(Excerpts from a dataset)
(* Let $G=(V,E)$ be a finite directed acyclic graph, $G'=(V,E')$ its minimum equivalent graph, $S$ a set of streams, and $f:V\to S$ a stream assignment. A synchronization plan $\Lambda\subseteq E$ is safe for $f$ on $G$ if and only if $\Lambda$ is safe for $f$ on $G'$.
   Context: A path from $u$ to $v$ in a directed graph is a nonempty sequence of edges $(u,w_1),\dots,(w_k,v)$ of that graph. The minimum equivalent graph (MEG) of a finite DAG $G=(V,E)$ is the subgraph $G'=(V,E')$, $E'\subseteq E$, with the same vertex set and the smallest number of edges among subgraphs having the same reachability relation as $G$. A stream assignment is any function $f:V\to S$. A synchronization plan is a set $\Lambda$ of edges. For a directed graph $H=(V,E_H)$ and a stream assignment $f$, a synchronization plan $\Lambda$ is safe for $f$ on $H$ if for every edge $(u,v)\in E_H$, either $f(u)=f(v)$, or there exists a path $P\subseteq E_H$ from $u$ to $v$ in $H$ with $P\cap\Lambda\neq\emptyset$. *)

theory Defs
  imports Main
begin

definition finite_dag :: "'a set \<Rightarrow> ('a \<times> 'a) set \<Rightarrow> bool" where
  "finite_dag V E \<longleftrightarrow> finite V \<and> E \<subseteq> V \<times> V \<and> acyclic E"

inductive is_path :: "('a \<times> 'a) set \<Rightarrow> 'a \<Rightarrow> 'a \<Rightarrow> ('a \<times> 'a) list \<Rightarrow> bool"
  for H where
  single: "(u, v) \<in> H \<Longrightarrow> is_path H u v [(u, v)]"
| cons: "(u, w) \<in> H \<Longrightarrow> is_path H w v P \<Longrightarrow> is_path H u v ((u, w) # P)"

definition is_MEG :: "'a set \<Rightarrow> ('a \<times> 'a) set \<Rightarrow> ('a \<times> 'a) set \<Rightarrow> bool" where
  "is_MEG V E E' \<longleftrightarrow> E' \<subseteq> E \<and> E'\<^sup>+ = E\<^sup>+ \<and>
     (\<forall>E''. E'' \<subseteq> E \<and> E''\<^sup>+ = E\<^sup>+ \<longrightarrow> card E' \<le> card E'')"

definition safe :: "('a \<times> 'a) set \<Rightarrow> ('a \<Rightarrow> 's) \<Rightarrow> ('a \<times> 'a) set \<Rightarrow> bool" where
  "safe H f \<Lambda> \<longleftrightarrow> (\<forall>(u, v) \<in> H. f u = f v \<or>
     (\<exists>P. is_path H u v P \<and> set P \<inter> \<Lambda> \<noteq> {}))"

end

theory Submission
  imports Defs
begin

text \<open>An edge (u, v) of the minimum equivalent graph is the only path of G from u to v: a
  longer path through some w would, by acyclicity, avoid the edge, so the edge could be deleted
  without changing reachability. Hence a plan safe on G is safe on G'. Conversely, safety on G'
  extends from edges to arbitrary paths (the stream changes either before the last edge or on
  it), and every edge of G is joined by a path of G'.\<close>

lemma is_path_trancl: "is_path H u v P \<Longrightarrow> (u, v) \<in> H\<^sup>+"
  by (induction rule: is_path.induct) auto

lemma is_path_append: "is_path H u w P \<Longrightarrow> is_path H w v Q \<Longrightarrow> is_path H u v (P @ Q)"
  by (induction rule: is_path.induct) (auto intro: is_path.intros)

lemma is_path_mono: "is_path H u v P \<Longrightarrow> H \<subseteq> H' \<Longrightarrow> is_path H' u v P"
  by (induction rule: is_path.induct) (auto intro: is_path.intros)

lemma trancl_imp_is_path: "(u, v) \<in> H\<^sup>+ \<Longrightarrow> \<exists>P. is_path H u v P"
proof (induction rule: trancl_induct)
  case (base v)
  then show ?case by (blast intro: is_path.single)
next
  case (step w v)
  then obtain P where "is_path H u w P" by blast
  with step.hyps(2) have "is_path H u v (P @ [(w, v)])"
    by (blast intro: is_path_append is_path.single)
  then show ?case by blast
qed

lemma safeI:
  assumes "\<And>u v. (u, v) \<in> H \<Longrightarrow> f u \<noteq> f v \<Longrightarrow> \<exists>P. is_path H u v P \<and> set P \<inter> \<Lambda> \<noteq> {}"
  shows "safe H f \<Lambda>"
  using assms unfolding safe_def by blast

lemma safeD:
  assumes "safe H f \<Lambda>" "(u, v) \<in> H" "f u \<noteq> f v"
  shows "\<exists>P. is_path H u v P \<and> set P \<inter> \<Lambda> \<noteq> {}"
  using assms unfolding safe_def by blast

lemma safe_trancl:
  assumes safe: "safe H f \<Lambda>" and uv: "(u, v) \<in> H\<^sup>+" and ne: "f u \<noteq> f v"
  shows "\<exists>P. is_path H u v P \<and> set P \<inter> \<Lambda> \<noteq> {}"
  using uv ne
proof (induction rule: trancl_induct)
  case (base v)
  then show ?case by (rule safeD[OF safe])
next
  case (step w v)
  show ?case
  proof (cases "f u = f w")
    case True
    with step.prems have "f w \<noteq> f v" by simp
    then obtain Q where Q: "is_path H w v Q" "set Q \<inter> \<Lambda> \<noteq> {}"
      using safeD[OF safe step.hyps(2)] by blast
    obtain P where "is_path H u w P" using trancl_imp_is_path[OF step.hyps(1)] by blast
    with Q have "is_path H u v (P @ Q) \<and> set (P @ Q) \<inter> \<Lambda> \<noteq> {}"
      by (auto intro: is_path_append)
    then show ?thesis by blast
  next
    case False
    then obtain P where P: "is_path H u w P" "set P \<inter> \<Lambda> \<noteq> {}" using step.IH by blast
    with step.hyps(2) have "is_path H u v (P @ [(w, v)]) \<and> set (P @ [(w, v)]) \<inter> \<Lambda> \<noteq> {}"
      by (auto intro: is_path_append is_path.single)
    then show ?thesis by blast
  qed
qed

lemma safe_if_subset_trancl:
  assumes "safe H f \<Lambda>" "H \<subseteq> G" "G \<subseteq> H\<^sup>+"
  shows "safe G f \<Lambda>"
proof (rule safeI)
  fix u v
  assume "(u, v) \<in> G" and ne: "f u \<noteq> f v"
  with assms(3) have "(u, v) \<in> H\<^sup>+" by blast
  from safe_trancl[OF assms(1) this ne] obtain P
    where "is_path H u v P" "set P \<inter> \<Lambda> \<noteq> {}" by blast
  with is_path_mono[OF _ assms(2)] show "\<exists>P. is_path G u v P \<and> set P \<inter> \<Lambda> \<noteq> {}"
    by blast
qed

lemma safe_if_edges_unique_paths:
  assumes "safe G f \<Lambda>" "H \<subseteq> G"
    and unique: "\<And>u v P. (u, v) \<in> H \<Longrightarrow> is_path G u v P \<Longrightarrow> P = [(u, v)]"
  shows "safe H f \<Lambda>"
proof (rule safeI)
  fix u v
  assume uv: "(u, v) \<in> H" and ne: "f u \<noteq> f v"
  with assms(2) have "(u, v) \<in> G" by blast
  from safeD[OF assms(1) this ne] obtain P
    where "is_path G u v P" "set P \<inter> \<Lambda> \<noteq> {}" by blast
  with unique[OF uv] is_path.single[OF uv] show "\<exists>P. is_path H u v P \<and> set P \<inter> \<Lambda> \<noteq> {}"
    by blast
qed

lemma rtrancl_avoid_edge_or_through:
  assumes "(a, b) \<in> R\<^sup>*"
  shows "(a, b) \<in> (R - {(u, v)})\<^sup>* \<or> (a, u) \<in> (R - {(u, v)})\<^sup>* \<and> (v, b) \<in> (R - {(u, v)})\<^sup>*"
  using assms
proof (induction rule: rtrancl_induct)
  case base
  then show ?case by simp
next
  case (step y z)
  then show ?case
    by (cases "(y, z) = (u, v)") (auto intro: rtrancl_into_rtrancl)
qed

lemma acyclic_trancl_Diff_edge:
  assumes acyc: "acyclic R" and uw: "(u, w) \<in> R\<^sup>+" and wv: "(w, v) \<in> R\<^sup>+"
  shows "(u, v) \<in> (R - {(u, v)})\<^sup>+"
proof -
  let ?R = "R - {(u, v)}"
  have no_cycle: "(x, y) \<in> R\<^sup>+ \<Longrightarrow> (y, x) \<in> R\<^sup>* \<Longrightarrow> False" for x y
    using acyc unfolding acyclic_def by (meson rtrancl_trancl_trancl)
  have R_sub: "?R\<^sup>* \<subseteq> R\<^sup>*" by (simp add: rtrancl_mono)
  have "(u, w) \<in> ?R\<^sup>*"
    using rtrancl_avoid_edge_or_through[OF trancl_into_rtrancl[OF uw], of u v]
      R_sub no_cycle[OF wv] by blast
  moreover have "(w, v) \<in> ?R\<^sup>*"
    using rtrancl_avoid_edge_or_through[OF trancl_into_rtrancl[OF wv], of u v]
      R_sub no_cycle[OF uw] by blast
  ultimately have "(u, v) \<in> ?R\<^sup>*" by (rule rtrancl_trans)
  moreover have "u \<noteq> v" using no_cycle[OF uw] trancl_into_rtrancl[OF wv] by blast
  ultimately show ?thesis by (simp add: rtrancl_eq_or_trancl)
qed

lemma trancl_Diff_redundant_edge:
  assumes "e \<in> (R - {e})\<^sup>+"
  shows "(R - {e})\<^sup>+ = R\<^sup>+"
proof
  show "(R - {e})\<^sup>+ \<subseteq> R\<^sup>+" by (simp add: trancl_mono_subset)
  have "R \<subseteq> (R - {e})\<^sup>+" using assms by auto
  then show "R\<^sup>+ \<subseteq> (R - {e})\<^sup>+" by (metis trancl_id trancl_mono_subset trans_trancl)
qed

lemma MEG_edge_unique_path:
  assumes dag: "finite_dag V E" and meg: "is_MEG V E E'"
    and uv: "(u, v) \<in> E'" and P: "is_path E u v P"
  shows "P = [(u, v)]"
  using P
proof (cases rule: is_path.cases)
  case single
  then show ?thesis by simp
next
  case (cons w Q)
  have sub: "E' \<subseteq> E" and cl: "E'\<^sup>+ = E\<^sup>+" using meg unfolding is_MEG_def by auto
  have "acyclic E'" using dag cl unfolding finite_dag_def acyclic_def by simp
  moreover have "(u, w) \<in> E'\<^sup>+" "(w, v) \<in> E'\<^sup>+"
    using cons is_path_trancl[of E w v Q] cl by auto
  ultimately have "(u, v) \<in> (E' - {(u, v)})\<^sup>+" by (rule acyclic_trancl_Diff_edge)
  then have "(E' - {(u, v)})\<^sup>+ = E\<^sup>+" unfolding cl[symmetric] by (rule trancl_Diff_redundant_edge)
  with sub meg have "card E' \<le> card (E' - {(u, v)})" unfolding is_MEG_def by blast
  moreover have "finite E'"
    using dag sub unfolding finite_dag_def by (meson finite_SigmaI finite_subset)
  with uv have "card (E' - {(u, v)}) < card E'" by (intro card_Diff1_less)
  ultimately show ?thesis by linarith
qed

theorem lemma2:
  fixes V :: "'a set" and E E' \<Lambda> :: "('a \<times> 'a) set"
    and S :: "'s set" and f :: "'a \<Rightarrow> 's"
  assumes "finite_dag V E"
    and "is_MEG V E E'"
    and "\<forall>v\<in>V. f v \<in> S"
    and "\<Lambda> \<subseteq> E"
  shows "safe E f \<Lambda> \<longleftrightarrow> safe E' f \<Lambda>"
proof
  have sub: "E' \<subseteq> E" and cl: "E'\<^sup>+ = E\<^sup>+" using assms(2) unfolding is_MEG_def by auto
  show "safe E' f \<Lambda>" if "safe E f \<Lambda>"
    using that sub MEG_edge_unique_path[OF assms(1,2)] by (rule safe_if_edges_unique_paths)
  show "safe E f \<Lambda>" if "safe E' f \<Lambda>"
    using that sub by (rule safe_if_subset_trancl) (auto simp: cl)
qed

end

* [Problem description] The lines above from the one containing "w) \<in> H \<Longrightarrow>" through the one containing "('a \<times> 'a) set \<Rightarrow> ('a \<times>" are to be set down exactly, and no others.

* [Your solution]
| cons: "(u, w) \<in> H \<Longrightarrow> is_path H w v P \<Longrightarrow> is_path H u v ((u, w) # P)"

definition is_MEG :: "'a set \<Rightarrow> ('a \<times> 'a) set \<Rightarrow> ('a \<times> 'a) set \<Rightarrow> bool" where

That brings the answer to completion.